EXERCISE: Tally the lines below that contain the word "UNIV". Only the number should be returned.

DATASET EXTRACT:
(* For $n\ge 1$ let $Y_n$ be the random variable with \[ \mathbb{P}(Y_n=m)=\frac{[t^nx^m]H(t,x)}{[t^n]H(t,1)}. \] Then $Y_n/(2n)$ converges in law, with convergence of all moments, to a random variable $Y$ with the $\mathrm{Beta}(1,2)$ distribution, i.e. with density $f_Y(y)=2(1-y)$ for $y\in[0,1]$ and $0$ otherwise; its moments are $\mathbb{E}(Y^r)=\frac{2}{(r+1)(r+2)}$.
   Context: A bicolored Dyck path is a finite sequence of steps from $\{U_1,U_2,D\}$ ($U_1,U_2$ raise the height by $1$, $D$ lowers it by $1$) starting and ending at height $0$ and never going below height $0$; its length is its number of steps. Let $h_{n,m}$ be the number of pairs $(P,m)$ where $P$ is a bicolored Dyck path of length $2n$ with exactly one $U_2$ step, this being the $p$-th step of $P$, and $1\le m\le p$. Set $H(t,x)=\sum_{n,m}h_{n,m}t^nx^m$. (Equivalently, $Y_n$ is the value in the unique bottom-row cell of a uniformly random tableau with walls and holes of type $(n,n-1,1)$.) *)

theory Defs
  imports "HOL-Probability.Probability"
begin

text \<open>Steps of a bicolored Dyck path.\<close>
datatype bstep = U1 | U2 | D

fun stepval :: "bstep \<Rightarrow> int" where
  "stepval U1 = 1" | "stepval U2 = 1" | "stepval D = -1"

definition height :: "bstep list \<Rightarrow> int" where
  "height P = (\<Sum>s\<leftarrow>P. stepval s)"

definition bic_dyck :: "bstep list \<Rightarrow> bool" where
  "bic_dyck P \<longleftrightarrow> height P = 0 \<and> (\<forall>k \<le> length P. height (take k P) \<ge> 0)"

text \<open>h n m = number of pairs (P,m) where P is a bicolored Dyck path of length 2n with exactly
  one U2 step, this being the p-th step (1-indexed), and 1 \<le> m \<le> p.
  (These are the coefficients [t^n x^m] H(t,x).)\<close>
definition hcoef :: "nat \<Rightarrow> nat \<Rightarrow> nat" where
  "hcoef n m = card {P. length P = 2 * n \<and> bic_dyck P \<and> length (filter (\<lambda>s. s = U2) P) = 1 \<and>
      (\<exists>p. 1 \<le> p \<and> p \<le> length P \<and> P ! (p - 1) = U2 \<and> 1 \<le> m \<and> m \<le> p)}"

text \<open>[t^n] H(t,1) = \<Sum>_m h n m.\<close>
definition htot :: "nat \<Rightarrow> nat" where
  "htot n = (\<Sum>m\<le>2 * n. hcoef n m)"

definition Ylaw :: "nat \<Rightarrow> nat measure" where
  "Ylaw n = density (count_space UNIV) (\<lambda>m. ennreal (real (hcoef n m) / real (htot n)))"

definition Yscaled_law :: "nat \<Rightarrow> real measure" where
  "Yscaled_law n = distr (Ylaw n) borel (\<lambda>m. real m / (2 * real n))"

definition beta12 :: "real measure" where
  "beta12 = density lborel (\<lambda>y. ennreal (indicator {0..1} y * (2 * (1 - y))))"

end

(*
  Replacing the unique U2 step by U1 shows that h n m = (sum over i >= m - 1 of A n i), where
  A n i counts the Dyck paths of length 2n whose step i is an up step.  Mirroring paths gives
  A n i + A n (2n - 1 - i) = C n (the Catalan number), and swapping two adjacent steps shows
  that A n i decreases in i, by at most the number of paths at height 0 after i steps, which is
  at most C j * C (n - j) for i = 2j.  Central binomial estimates bound the total of these
  defects by O(C n * sqrt n), so 2 h n m = C n * (2n + 1 - m) + O(C n * sqrt n).  Summing over
  m <= 2nx gives P(Y n / (2n) <= x) --> 2x - x^2, the distribution function of Beta(1, 2);
  as all these laws live on [0, 1], the moments converge as well.
*)
theory Submission
  imports Defs "HOL-Real_Asymp.Real_Asymp"
begin

section \<open>Dyck paths and Catalan numbers\<close>

lemma UNIV_bstep: "(UNIV :: bstep set) = {U1, U2, D}"
  using bstep.exhaust by auto

lemma finite_paths_length_eq: "finite {P :: bstep list. length P = k}"
proof -
  have "finite (UNIV :: bstep set)" by (simp add: UNIV_bstep)
  from finite_lists_length_eq[OF this, of k] show ?thesis by simp
qed

lemma height_Nil [simp]: "height [] = 0"
  and height_Cons [simp]: "height (s # P) = stepval s + height P"
  and height_append [simp]: "height (P @ Q) = height P + height Q"
  by (simp_all add: height_def)

lemma even_height_plus_length: "even (height P + int (length P))"
proof (induction P)
  case (Cons s P) then show ?case by (cases s) auto
qed simp

lemma height_le_length: "height P \<le> int (length P)"
proof (induction P)
  case (Cons s P) then show ?case by (cases s) auto
qed simp

definition never_negative :: "bstep list \<Rightarrow> bool" where
  "never_negative P \<longleftrightarrow> (\<forall>k \<le> length P. height (take k P) \<ge> 0)"

lemma never_negative_Nil [simp]: "never_negative []"
  by (simp add: never_negative_def)

lemma never_negative_height_take: "never_negative P \<Longrightarrow> height (take k P) \<ge> 0"
  by (cases "k \<le> length P") (auto simp: never_negative_def dest: spec[of _ "length P"])

lemma never_negative_height: "never_negative P \<Longrightarrow> height P \<ge> 0"
  using never_negative_height_take[of P "length P"] by simp

lemma never_negative_snoc:
  "never_negative (P @ [s]) \<longleftrightarrow> never_negative P \<and> height P + stepval s \<ge> 0"
  unfolding never_negative_def by (auto simp: le_Suc_eq)

definition ballot_paths :: "nat \<Rightarrow> nat \<Rightarrow> bstep list set" where
  "ballot_paths a b =
     {P. length P = a + b \<and> height P = int a - int b \<and> never_negative P \<and> U2 \<notin> set P}"

lemma finite_ballot_paths [simp]: "finite (ballot_paths a b)"
  by (rule finite_subset[OF _ finite_paths_length_eq[of "a + b"]]) (auto simp: ballot_paths_def)

lemma ballot_paths_empty: "a < b \<Longrightarrow> ballot_paths a b = {}"
  by (auto simp: ballot_paths_def dest: never_negative_height)

lemma ballot_paths_0_0: "ballot_paths 0 0 = {[]}"
  by (auto simp: ballot_paths_def)

lemma ballot_paths_by_last_step:
  assumes "0 < a + b"
  shows "ballot_paths a b =
           (\<lambda>Q. Q @ [U1]) ` (if 0 < a then ballot_paths (a - 1) b else {}) \<union>
           (\<lambda>Q. Q @ [D]) ` (if 0 < b \<and> b \<le> a then ballot_paths a (b - 1) else {})"
proof (intro equalityI subsetI)
  fix P assume P: "P \<in> ballot_paths a b"
  then have "P \<noteq> []" using assms by (auto simp: ballot_paths_def)
  then obtain Q s where Ps: "P = Q @ [s]" by (metis rev_exhaust)
  with P have Q: "never_negative Q" "U2 \<notin> set Q" "height Q + stepval s \<ge> 0"
    by (auto simp: ballot_paths_def never_negative_snoc)
  consider "s = U1" | "s = D" using P Ps by (cases s) (auto simp: ballot_paths_def)
  then show "P \<in> (\<lambda>Q. Q @ [U1]) ` (if 0 < a then ballot_paths (a - 1) b else {}) \<union>
               (\<lambda>Q. Q @ [D]) ` (if 0 < b \<and> b \<le> a then ballot_paths a (b - 1) else {})"
  proof cases
    case 1
    with P Ps have "height Q = int a - int b - 1" by (simp add: ballot_paths_def)
    with Q have "0 < a" using never_negative_height[of Q] by linarith
    with P Ps Q 1 show ?thesis by (auto simp: ballot_paths_def)
  next
    case 2
    with P Ps have "height Q = int a - int b + 1" by (simp add: ballot_paths_def)
    with P Ps 2 have "0 < b" "b \<le> a"
      using height_le_length[of Q] never_negative_height[of P] by (auto simp: ballot_paths_def)
    with P Ps Q 2 show ?thesis by (auto simp: ballot_paths_def)
  qed
next
  fix P
  assume "P \<in> (\<lambda>Q. Q @ [U1]) ` (if 0 < a then ballot_paths (a - 1) b else {}) \<union>
            (\<lambda>Q. Q @ [D]) ` (if 0 < b \<and> b \<le> a then ballot_paths a (b - 1) else {})"
  then show "P \<in> ballot_paths a b"
    by (auto simp: ballot_paths_def never_negative_snoc split: if_splits dest: never_negative_height)
qed

lemma card_ballot_paths_rec:
  assumes "0 < a + b"
  shows "card (ballot_paths a b) =
           (if 0 < a then card (ballot_paths (a - 1) b) else 0) +
           (if 0 < b \<and> b \<le> a then card (ballot_paths a (b - 1)) else 0)"
  unfolding ballot_paths_by_last_step[OF assms]
  by (subst card_Un_disjoint) (auto simp: card_image inj_on_def)

definition ballot_number :: "nat \<Rightarrow> nat \<Rightarrow> real" where
  "ballot_number a b = (real a + 1 - real b) / (real a + 1) * real ((a + b) choose b)"

lemma ballot_number_0 [simp]: "ballot_number a 0 = 1"
  by (simp add: ballot_number_def)

lemma ballot_number_Suc_diag: "ballot_number a (Suc a) = 0"
  by (simp add: ballot_number_def)

lemma ballot_number_rec:
  "ballot_number (Suc a) (Suc b) = ballot_number a (Suc b) + ballot_number (Suc a) b"
proof -
  define N where "N = a + b + 1"
  define v where "v = real ((a + b) choose b)"
  have N: "Suc a + Suc b = Suc N" "a + Suc b = N" "Suc a + b = N" "real N = real a + real b + 1"
    by (simp_all add: N_def)
  have c1: "real (N choose Suc b) = real N * v / real (Suc b)"
    using binomial_absorption[of b N] by (simp add: N_def v_def field_simps flip: of_nat_mult)
  have c0: "real (N choose b) = real N * v / real (Suc a)"
    using binomial_absorb_comp[of N b] by (simp add: N_def v_def field_simps flip: of_nat_mult)
  have c2: "real (Suc N choose Suc b) = real (Suc N) * real (N choose b) / real (Suc b)"
    using Suc_times_binomial_eq[of N b] by (simp add: field_simps flip: of_nat_mult)
  have "(x + 1 - y) / (x + 2) * ((x + y + 2) * ((x + y + 1) * v / (x + 1)) / (y + 1)) =
        (x - y) / (x + 1) * ((x + y + 1) * v / (y + 1)) + (x + 2 - y) / (x + 2) * ((x + y + 1) * v / (x + 1))"
    if "x \<ge> 0" "y \<ge> 0" for x y :: real
  proof -
    have "x + 1 \<noteq> 0" "x + 2 \<noteq> 0" "y + 1 \<noteq> 0" using that by auto
    then show ?thesis by (simp add: divide_simps) (simp add: algebra_simps)
  qed
  from this[of "real a" "real b"] show ?thesis
    unfolding ballot_number_def N(1-3) c2 c0 c1 by (simp add: N(4) ac_simps add_diff_eq)
qed

lemma card_ballot_paths:
  "real (card (ballot_paths a b)) = (if b \<le> a then ballot_number a b else 0)"
proof (induction "a + b" arbitrary: a b)
  case 0
  then show ?case by (simp add: ballot_paths_0_0)
next
  case (Suc s)
  consider "a < b" | "b = 0" "0 < a" | a' b' where "a = Suc a'" "b = Suc b'" "b \<le> a"
    using Suc.hyps(2) by (metis add_is_0 gr0I not0_implies_Suc not_le)
  then show ?case
  proof cases
    case 1
    then show ?thesis by (simp add: ballot_paths_empty)
  next
    case 2
    then show ?thesis
      using card_ballot_paths_rec[of a b] Suc(1)[of "a - 1" 0] Suc(2) by simp
  next
    case 3
    have "real (card (ballot_paths a' (Suc b'))) = ballot_number a' (Suc b')"
      using Suc(1)[of a' "Suc b'"] Suc(2) 3 ballot_number_Suc_diag[of a'] by (cases "b' = a'") auto
    moreover have "real (card (ballot_paths (Suc a') b')) = ballot_number (Suc a') b'"
      using Suc(1)[of "Suc a'" b'] Suc(2) 3 by simp
    ultimately show ?thesis
      using card_ballot_paths_rec[of a b] 3 by (simp add: ballot_number_rec)
  qed
qed

lemma bic_dyck_iff: "bic_dyck P \<longleftrightarrow> height P = 0 \<and> never_negative P"
  by (simp add: bic_dyck_def never_negative_def)

definition dyck_paths :: "nat \<Rightarrow> bstep list set" where
  "dyck_paths k = {P. length P = k \<and> bic_dyck P \<and> U2 \<notin> set P}"

lemma finite_dyck_paths [simp]: "finite (dyck_paths k)"
  by (rule finite_subset[OF _ finite_paths_length_eq[of k]]) (auto simp: dyck_paths_def)

lemma dyck_paths_odd: "odd k \<Longrightarrow> dyck_paths k = {}"
  using even_height_plus_length by (fastforce simp: dyck_paths_def bic_dyck_def)

lemma dyck_paths_eq_ballot_paths: "dyck_paths (2 * n) = ballot_paths n n"
  by (auto simp: dyck_paths_def ballot_paths_def bic_dyck_iff)

definition catalan :: "nat \<Rightarrow> real" where
  "catalan n = real ((2 * n) choose n) / (real n + 1)"

lemma catalan_pos: "catalan n > 0"
  by (simp add: catalan_def)

lemma card_dyck_paths: "real (card (dyck_paths (2 * n))) = catalan n"
  unfolding dyck_paths_eq_ballot_paths card_ballot_paths
  by (simp add: ballot_number_def catalan_def mult_2)

lemma dyck_paths_iff:
  "P \<in> dyck_paths k \<longleftrightarrow> length P = k \<and> height P = 0 \<and> never_negative P \<and> U2 \<notin> set P"
  by (auto simp: dyck_paths_def bic_dyck_iff)

lemma dyck_path_nth:
  assumes "P \<in> dyck_paths k" "i < k"
  shows "P ! i = U1 \<or> P ! i = D"
proof -
  have "P ! i \<noteq> U2" using assms nth_mem by (fastforce simp: dyck_paths_iff)
  then show ?thesis by (cases "P ! i") auto
qed

section \<open>Paths with a single step of the second colour\<close>

definition ups_at :: "nat \<Rightarrow> nat \<Rightarrow> nat" where
  "ups_at n i = card {P \<in> dyck_paths (2 * n). P ! i = U1}"

lemma height_take_eq_sum_list: "height (take k P) = sum_list (take k (map stepval P))"
  by (simp add: height_def take_map)

lemma bic_dyck_cong_stepval:
  assumes "map stepval P = map stepval Q"
  shows "bic_dyck P \<longleftrightarrow> bic_dyck Q"
proof -
  have len: "length P = length Q" using assms map_eq_imp_length_eq by blast
  have "height (take k P) = height (take k Q)" for k
    using assms by (simp add: height_take_eq_sum_list)
  from this[of "length P"] this show ?thesis
    by (simp add: bic_dyck_def len)
qed

lemma map_stepval_update_same:
  assumes "i < length P" "stepval s = stepval (P ! i)"
  shows "map stepval (P[i := s]) = map stepval P"
proof -
  have "map stepval (P[i := s]) = (map stepval P)[i := map stepval P ! i]"
    using assms by (simp add: map_update)
  then show ?thesis by simp
qed

lemma unique_U2_index:
  assumes "length (filter (\<lambda>s. s = U2) P) = 1"
    and "i < length P" "P ! i = U2" "j < length P" "P ! j = U2"
  shows "i = j"
proof -
  have "card {k. k < length P \<and> P ! k = U2} = 1"
    using assms(1) by (simp add: length_filter_conv_card)
  then obtain a where "{k. k < length P \<and> P ! k = U2} = {a}"
    by (rule card_1_singletonE)
  then have "i = a" "j = a"
    using assms(2-5) by (metis (mono_tags, lifting) mem_Collect_eq singletonD)+
  then show ?thesis by simp
qed

definition marked_paths :: "nat \<Rightarrow> nat \<Rightarrow> bstep list set" where
  "marked_paths n i =
     {P. length P = 2 * n \<and> bic_dyck P \<and> length (filter (\<lambda>s. s = U2) P) = 1 \<and> P ! i = U2}"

YOUR RESPONSE: 3